BSP caps 2014 foreign borrowing
The Bangko Sentral ng Pilipinas (BSP) is limiting the country’s foreign borrowing this year at $5 billion to ensure size of external debt stays within manageable levels.
This is the second consecutive year that the central bank has capped foreign loans ceiling at this level. In 2012 the borrowing cap was at $8.5 billion, in 2011 it was higher at $10 billion and the highest was $12 billion in 2010.
The limit covers both the government or public sector and the corporate or private sector foreign borrowing.
Sources said the Monetary Board – BSP’s policy-making arm – has approved to keep the $5-billion ceiling for 2014.
The report to the Monetary Board indicated that the 2014 ceiling is still consistent with maintaining “healthy external debt ratios” and ensuring sustainability of the country’s debt management program.
The BSP also noted that public and private sector’s foreign borrowing plans seem to still favor sourcing their financing requirements from the domestic market despite the sovereign’s improved investment grade status.
Late last week the government raised $1.5 billion from the international bonds market. For the rest of the year, both the government and corporate sectors have indicated intentions to source funding locally.

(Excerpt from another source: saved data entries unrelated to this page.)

locale squarefree_setting =
  poly_quotient_prime I q + F_finite p "TYPE('k)"
  for I :: "('v::finite, 'k::field) mpoly set" and q p +
  assumes squarefree_I: "squarefree_monomial_ideal I"
    and monomial_q: "monomial_ideal_quot I q"
begin

interpretation q: primeideal q R by (rule primeideal_q)

definition generators :: "('v \<Rightarrow>\<^sub>0 nat) set" where
  "generators = (SOME G. (\<forall>m\<in>G. \<forall>v. Poly_Mapping.lookup m v \<le> 1) \<and>
     I = genideal poly_ring (monom_of ` G))"

lemma generators_squarefree: "m \<in> generators \<Longrightarrow> Poly_Mapping.lookup m v \<le> 1"
  and mem_I_iff: "g \<in> I \<longleftrightarrow> (\<forall>b\<in>Poly_Mapping.keys g. \<exists>m\<in>generators. le_pm m b)"
proof -
  have "\<exists>G. (\<forall>m\<in>G. \<forall>v. Poly_Mapping.lookup m v \<le> 1) \<and> I = genideal poly_ring (monom_of ` G)"
    using squarefree_I unfolding squarefree_monomial_ideal_def by blast
  hence some: "(\<forall>m\<in>generators. \<forall>v. Poly_Mapping.lookup m v \<le> 1) \<and>
      I = genideal poly_ring (monom_of ` generators)"
    unfolding generators_def by (rule someI_ex)
  thus "m \<in> generators \<Longrightarrow> Poly_Mapping.lookup m v \<le> 1" by blast
  from some have "g \<in> I \<longleftrightarrow> g \<in> monomial_ideal generators"
    unfolding genideal_monom_of_eq_monomial_ideal by (metis (no_types))
  thus "g \<in> I \<longleftrightarrow> (\<forall>b\<in>Poly_Mapping.keys g. \<exists>m\<in>generators. le_pm m b)"
    by (simp add: monomial_ideal_def)
qed

lemma le_pm_generator_iff:
  assumes "m \<in> generators"
  shows "le_pm m a \<longleftrightarrow> Poly_Mapping.keys m \<subseteq> Poly_Mapping.keys a"
proof -
  have "Poly_Mapping.lookup m v \<le> Poly_Mapping.lookup a v \<longleftrightarrow>
      (0 < Poly_Mapping.lookup m v \<longrightarrow> 0 < Poly_Mapping.lookup a v)" for v
    using generators_squarefree[OF assms, of v] by auto
  thus ?thesis unfolding le_pm_def by (auto simp: in_keys_iff subset_iff)
qed

definition face :: "'v set \<Rightarrow> bool" where
  "face T \<longleftrightarrow> \<not> (\<exists>m\<in>generators. Poly_Mapping.keys m \<subseteq> T)"

lemma face_subset: "face T \<Longrightarrow> S \<subseteq> T \<Longrightarrow> face S"
  unfolding face_def by blast

lemma mem_I_iff_nonfaces: "g \<in> I \<longleftrightarrow> (\<forall>b\<in>Poly_Mapping.keys g. \<not> face (Poly_Mapping.keys b))"
  by (auto simp: mem_I_iff face_def le_pm_generator_iff)

lemma monom_of_mem_I_iff: "monom_of a \<in> I \<longleftrightarrow> \<not> face (Poly_Mapping.keys a)"
  by (simp add: mem_I_iff_nonfaces monom_of_def)

text \<open>\<open>Q\<close> is monomial: \<open>q\<close> is the image of the monomial ideal generated by the lifts of the
  generators of \<open>q\<close> and by those of \<open>I\<close>.\<close>
lemma monomials_mem_Q:
  assumes "g \<in> Q" "b \<in> Poly_Mapping.keys g"
  shows "monom_of b \<in> Q"
proof -
  obtain G where G: "q = genideal R ((\<lambda>m. proj I (monom_of m)) ` G)"
    using monomial_q unfolding monomial_ideal_quot_def by blast
  define W where "W = (monomial_ideal (G \<union> generators) :: ('v, 'k) mpoly set)"
  have ideal_W: "ideal W poly_ring" unfolding W_def by (rule ideal_monomial_ideal)
  interpret W: ideal W poly_ring by (rule ideal_W)
  have I_W: "I \<subseteq> W" unfolding W_def monomial_ideal_def by (fastforce simp: mem_I_iff)
  have "ideal (proj I ` W) R"
    using poly.ring_ideal_imp_quot_ideal[OF ideal_I ideal_W]
    by (simp add: quot_ring_def proj_def[abs_def])
  moreover have "(\<lambda>m. proj I (monom_of m)) ` G \<subseteq> proj I ` W"
    unfolding W_def by (auto simp: monomial_ideal_def monom_of_def le_pm_def intro!: imageI)
  ultimately have "q \<subseteq> proj I ` W" unfolding G by (rule R.genideal_minimal)
  then obtain w where w: "w \<in> W" "proj I g = proj I w" using assms(1) mem_Q_iff by auto
  hence "g \<in> W" using proj_eq_iff I_W W.a_closed[of "g - w" w] by auto
  then obtain m where m: "m \<in> G \<union> generators" "le_pm m b"
    using assms(2) unfolding W_def monomial_ideal_def by blast
  have "monom_of m \<in> Q"
  proof (cases "m \<in> G")
    case True
    hence "proj I (monom_of m) \<in> q"
      unfolding G by (intro subsetD[OF R.genideal_self]) auto
    thus ?thesis using mem_Q_iff by simp
  next
    case False
    hence "monom_of m \<in> I" using m(1) by (auto simp: mem_I_iff monom_of_def le_pm_def)
    thus ?thesis using I_subset_Q by blast
  qed
  moreover obtain r where "b = m + r" using m(2) by (rule le_pmE)
  ultimately show ?thesis by (simp add: monom_of_add mult_mem_Q_iff)
qed

lemma mem_Q_iff_monomials:
  "g \<in> Q \<longleftrightarrow> (\<forall>b\<in>Poly_Mapping.keys g. Poly_Mapping.keys b \<inter> prime_vars \<noteq> {})"
proof
  assume "\<forall>b\<in>Poly_Mapping.keys g. Poly_Mapping.keys b \<inter> prime_vars \<noteq> {}"
  hence "Poly_Mapping.single b (Poly_Mapping.lookup g b) \<in> Q" if "b \<in> Poly_Mapping.keys g" for b
  proof -
    have "monom_of b \<in> Q" using that \<open>\<forall>b\<in>_. _\<close> monom_of_mem_Q_iff by blast
    hence "Poly_Mapping.single 0 (Poly_Mapping.lookup g b) * monom_of b \<in> Q"
      using Q.I_l_closed by simp
    thus ?thesis using single_eq_mult_monom_of[of 0 b "Poly_Mapping.lookup g b"] by simp
  qed
  thus "g \<in> Q" by (rule mem_ideal_if_terms_mem[OF ideal_Q])
qed (auto simp: monom_of_mem_Q_iff dest: monomials_mem_Q)

lemma face_if_disjoint_prime_vars:
  assumes "T \<inter> prime_vars = {}" shows "face T"
  unfolding face_def
proof
  assume "\<exists>m\<in>generators. Poly_Mapping.keys m \<subseteq> T"
  then obtain m where m: "m \<in> generators" "Poly_Mapping.keys m \<subseteq> T" by blast
  hence "\<not> face (Poly_Mapping.keys m)" unfolding face_def by blast
  hence "monom_of m \<in> Q" using monom_of_mem_I_iff I_subset_Q by blast
  thus False using m(2) assms monom_of_mem_Q_iff by blast
qed

definition facet :: "'v set \<Rightarrow> bool" where
  "facet T \<longleftrightarrow> face T \<and> (\<forall>w. w \<notin> T \<longrightarrow> \<not> face (insert w T))"

lemma ex_facet_superset:
  assumes "face T" obtains S where "facet S" "T \<subseteq> S"
proof -
  let ?P = "\<lambda>S. face S \<and> T \<subseteq> S"
  obtain S where S: "?P S" "\<And>S'. ?P S' \<Longrightarrow> card S' \<le> card S"
    using ex_has_greatest_nat[of ?P T card "Suc (card (UNIV :: 'v set))"] assms
    by (auto simp: le_imp_less_Suc card_mono)
  have "facet S" unfolding facet_def
  proof (intro conjI allI impI notI)
    show "face S" using S by blast
    fix w assume "w \<notin> S" "face (insert w S)"
    thus False using S(1) S(2)[of "insert w S"] by auto
  qed
  thus ?thesis using that S by blast
qed

definition facet_core :: "'v set" where
  "facet_core = \<Inter> {T. facet T \<and> - prime_vars \<subseteq> T}"

lemma nonface_shrink:
  assumes "\<not> face N" shows "\<not> face ((N - (prime_vars \<inter> facet_core)) \<union> - prime_vars)"
proof
  assume "face ((N - (prime_vars \<inter> facet_core)) \<union> - prime_vars)"
  then obtain S where S: "facet S" "(N - (prime_vars \<inter> facet_core)) \<union> - prime_vars \<subseteq> S"
    using ex_facet_superset by blast
  hence "facet_core \<subseteq> S" unfolding facet_core_def by blast
  hence "N \<subseteq> S" using S(2) by blast
  thus False using S(1) assms face_subset unfolding facet_def by blast
qed

lemma mem_Q_if_face_monom_mult_mem_I:
  assumes "face (Poly_Mapping.keys t)" "- prime_vars \<subseteq> Poly_Mapping.keys t"
    and "monom_of t * h \<in> I"
  shows "h \<in> Q"
  unfolding mem_Q_iff_monomials
proof
  fix b assume "b \<in> Poly_Mapping.keys h"
  hence "t + b \<in> Poly_Mapping.keys (monom_of t * h)"
    by (simp add: monom_of_def lookup_single_mult_add in_keys_iff)
  hence "\<not> face (Poly_Mapping.keys (t + b))"
    using assms(3) unfolding mem_I_iff_nonfaces by blast
  hence "\<not> face (Poly_Mapping.keys t \<union> Poly_Mapping.keys b)" by (simp add: keys_add_nat)
  hence "\<not> Poly_Mapping.keys b \<subseteq> Poly_Mapping.keys t" using assms(1) by (auto simp: sup_absorb1)
  thus "Poly_Mapping.keys b \<inter> prime_vars \<noteq> {}" using assms(2) by blast
qed

lemma ideal_frob_power: "ideal (frob_power R p q e) R"
  unfolding frob_power_def by (rule R.genideal_ideal) (use q.Icarr in auto)

lemma term_mem_frob_power:
  assumes "v \<in> prime_vars" "p ^ e \<le> Poly_Mapping.lookup a v"
  shows "proj I (Poly_Mapping.single a c) \<in> frob_power R p q e"
proof -
  interpret frob: ideal "frob_power R p q e" R by (rule ideal_frob_power)
  have "le_pm (Poly_Mapping.single v (p ^ e)) a" using assms(2) by (simp add: le_pm_single_iff)
  then obtain r where r: "a = Poly_Mapping.single v (p ^ e) + r" by (rule le_pmE)
  have "Poly_Mapping.single a c = Poly_Mapping.single r c * var v ^ (p ^ e)"
    unfolding var_power r by (simp add: single_eq_mult_monom_of add.commute)
  hence eq: "proj I (Poly_Mapping.single a c) = proj I (Poly_Mapping.single r c) \<otimes>\<^bsub>R\<^esub> proj I (var v) [^]\<^bsub>R\<^esub> (p ^ e)"
    by (simp add: proj_mult proj_power)
  have "proj I (var v) \<in> q" using assms(1) mem_Q_iff unfolding prime_vars_def by simp
  hence "proj I (var v) [^]\<^bsub>R\<^esub> (p ^ e) \<in> frob_power R p q e"
    unfolding frob_power_def using R.genideal_self[of "(\<lambda>x. x [^]\<^bsub>R\<^esub> (p ^ e)) ` q"] q.Icarr by blast
  thus ?thesis unfolding eq by (rule frob.I_l_closed) simp
qed

lemma term_mem_cartier_core:
  assumes "\<not> Poly_Mapping.keys a \<subseteq> facet_core"
  shows "proj I (Poly_Mapping.single a c) \<in> cartier_core R p q"
  unfolding cartier_core_def J_e_def
proof (intro InterI, clarsimp)
  fix s \<phi> assume \<phi>: "\<phi> \<in> cartier_maps R p s"
  obtain S w where S: "facet S" "- prime_vars \<subseteq> S" and w: "w \<in> Poly_Mapping.keys a" "w \<notin> S"
    using assms unfolding facet_core_def by blast
  define t where "t = mk (\<lambda>v. if v \<in> S then 1 else 0)"
  have keys_t: "Poly_Mapping.keys t = S" by (auto simp: t_def in_keys_iff split: if_splits)
  let ?y = "proj I (Poly_Mapping.single a c)" and ?x_t = "proj I (monom_of t)"
  have "Poly_Mapping.keys (smul_pm (p ^ s) t + a) = S \<union> Poly_Mapping.keys a"
    using p_pos unfolding keys_add_nat by (auto simp: smul_pm_def t_def in_keys_iff split: if_splits)
  hence "\<not> face (Poly_Mapping.keys (smul_pm (p ^ s) t + a))"
    using S(1) w face_subset[of _ "insert w S"] unfolding facet_def by blast
  hence "monom_of t ^ (p ^ s) * Poly_Mapping.single a c \<in> I"
    by (simp add: monom_of_def single_power mult_single mem_I_iff_nonfaces)
  hence "?x_t [^]\<^bsub>R\<^esub> (p ^ s) \<otimes>\<^bsub>R\<^esub> ?y = \<zero>\<^bsub>R\<^esub>"
    by (simp add: proj_eq_zero_iff flip: proj_power proj_mult)
  moreover have "\<phi> (?x_t [^]\<^bsub>R\<^esub> (p ^ s) \<otimes>\<^bsub>R\<^esub> ?y) = ?x_t \<otimes>\<^bsub>R\<^esub> \<phi> ?y"
    by (rule R.cartier_map_frob_linear[OF \<phi>]) simp_all
  ultimately have "?x_t \<otimes>\<^bsub>R\<^esub> \<phi> ?y = \<zero>\<^bsub>R\<^esub>" using R.cartier_map_zero[OF \<phi>] by simp
  moreover obtain h where h: "\<phi> ?y = proj I h"
    using R.cartier_map_closed[OF \<phi>, of ?y] carrier_R by auto
  ultimately have "monom_of t * h \<in> I" by (simp add: proj_eq_zero_iff flip: proj_mult)
  hence "h \<in> Q"
    using S face_subset keys_t by (intro mem_Q_if_face_monom_mult_mem_I) (auto simp: facet_def)
  thus "\<phi> ?y \<in> q" unfolding h mem_Q_iff .
qed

The central bank, which regularly reviews the effectiveness of imposing annual ceilings on foreign loans and its impact on controlling the size of Philippine debt, implemented higher limits in 2010 and 2011 as there was a need at that time for more foreign currency denominated loans to finance the government’s public-private partnership (PPP) program at the time.
The Monetary Board has given banks and financial institutions until December 2016 a separate single borrower’s limit of 25 percent of the net worth of the lending bank to corporations undertaking PPP-eligible projects in a bid to open a wider venue of funding sources for the private sector.
Of the $5 billion borrowing cap, while the public sector has the bigger share of the allowable external loans, any amount unutilized by the government would be made available for use by private corporations.
The BSP has an ongoing review of its foreign borrowing policy in the context of its ceilings on medium and long-term loans. After a board resolution in 2011, the BSP assessed the effectiveness of implementing a ceiling on the foreign loans of both the public and private sectors.
As of end-September 2013, the Philippines’ total outstanding external debt amounted to $59.1 billion, 4.3 percent lower than end-September 2012’s $61.7 billion. By BSP definition, external debt refers to all types of borrowings by Philippine residents from non-residents that are approved/registered by the BSP.